Stored data:
Content starts
(* Let $L\subset\mathbb R^3$ be a nonclosed $b$-chord-arc curve, let $0<\alpha<1$, $p>1/\alpha$, and let $f\in C(L)$. Suppose there is a constant $c>0$ such that for every $0<\delta\le 2|L|$ there exists a function $v_\delta$ harmonic in $\Omega_\delta$ satisfying $$\left(\int_L\left(\frac{\max\nolimits_{\delta}(f-v_{\delta})(M)}{\delta^{\alpha}}\right)^p\,dm_1(M)\right)^{1/p}\le c \quad\text{and}\quad \left(\int_L\left(\delta^{1-\alpha}\,\operatorname{grad}^{\ast}_{\delta} v_{\delta}(M)\right)^p\,dm_1(M)\right)^{1/p}\le c.$$ Then $f\in\Lambda^\alpha_p(L)$.
   Context: $L$ is a nonclosed curve in $\mathbb R^3$ with endpoints $A,B$; it is $b$-chord-arc ($b\ge1$) if for all distinct $M_1,M_2\in L$ the subarc $\gamma(M_1,M_2)\subset L$ with endpoints $M_1,M_2$ satisfies $|\gamma(M_1,M_2)|\le b\|M_1M_2\|$, where $|\cdot|$ denotes length. $|L|$ is the length of $L$ and $m_1$ is arc-length measure on $L$. $B_r(M)$, $\bar B_r(M)$ denote the open and closed balls of radius $r$ centered at $M$. For $f$ on $L$, $M\in L$, $r>0$: $\Delta^{\ast}f(M,r)=\sup_{N\in\bar B_r(M)\cap L}|f(N)-f(M)|$. $\Lambda^\alpha_p(L)$ is the set of functions $f$ on $L$ with $\sup_{0<r<|L|}\left(\int_L\left(\Delta^*f(M,r)/r^\alpha\right)^p dm_1(M)\right)^{1/p}<\infty$. $\Omega_\delta=\bigcup_{M\in L}B_\delta(M)$. For $v$ harmonic in $\Omega_\delta$ and $M\in L$, $\operatorname{grad}^*_\delta v(M)=\max_{N\in\bar B_{\delta/2}(M)}|\operatorname{grad}v(N)|$. For a function $F$ on $L$, $\max_\delta F(M)=\sup_{N\in\bar B_\delta(M)\cap L}|F(N)|$; here applied to $F=f-v_\delta$ restricted to $L$. *)

theory Defs
  imports "HOL-Analysis.Analysis"
begin

type_synonym R3 = "real ^ 3"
Content ends
Lines above that include the string "subset" need to be copied.

(* Let $L\subset\mathbb R^3$ be a nonclosed $b$-chord-arc curve, let $0<\alpha<1$, $p>1/\alpha$, and let $f\in C(L)$. Suppose there is a constant $c>0$ such that for every $0<\delta\le 2|L|$ there exists a function $v_\delta$ harmonic in $\Omega_\delta$ satisfying $$\left(\int_L\left(\frac{\max\nolimits_{\delta}(f-v_{\delta})(M)}{\delta^{\alpha}}\right)^p\,dm_1(M)\right)^{1/p}\le c \quad\text{and}\quad \left(\int_L\left(\delta^{1-\alpha}\,\operatorname{grad}^{\ast}_{\delta} v_{\delta}(M)\right)^p\,dm_1(M)\right)^{1/p}\le c.$$ Then $f\in\Lambda^\alpha_p(L)$.
   Context: $L$ is a nonclosed curve in $\mathbb R^3$ with endpoints $A,B$; it is $b$-chord-arc ($b\ge1$) if for all distinct $M_1,M_2\in L$ the subarc $\gamma(M_1,M_2)\subset L$ with endpoints $M_1,M_2$ satisfies $|\gamma(M_1,M_2)|\le b\|M_1M_2\|$, where $|\cdot|$ denotes length. $|L|$ is the length of $L$ and $m_1$ is arc-length measure on $L$. $B_r(M)$, $\bar B_r(M)$ denote the open and closed balls of radius $r$ centered at $M$. For $f$ on $L$, $M\in L$, $r>0$: $\Delta^{\ast}f(M,r)=\sup_{N\in\bar B_r(M)\cap L}|f(N)-f(M)|$. $\Lambda^\alpha_p(L)$ is the set of functions $f$ on $L$ with $\sup_{0<r<|L|}\left(\int_L\left(\Delta^*f(M,r)/r^\alpha\right)^p dm_1(M)\right)^{1/p}<\infty$. $\Omega_\delta=\bigcup_{M\in L}B_\delta(M)$. For $v$ harmonic in $\Omega_\delta$ and $M\in L$, $\operatorname{grad}^*_\delta v(M)=\max_{N\in\bar B_{\delta/2}(M)}|\operatorname{grad}v(N)|$. For a function $F$ on $L$, $\max_\delta F(M)=\sup_{N\in\bar B_\delta(M)\cap L}|F(N)|$; here applied to $F=f-v_\delta$ restricted to $L$. *)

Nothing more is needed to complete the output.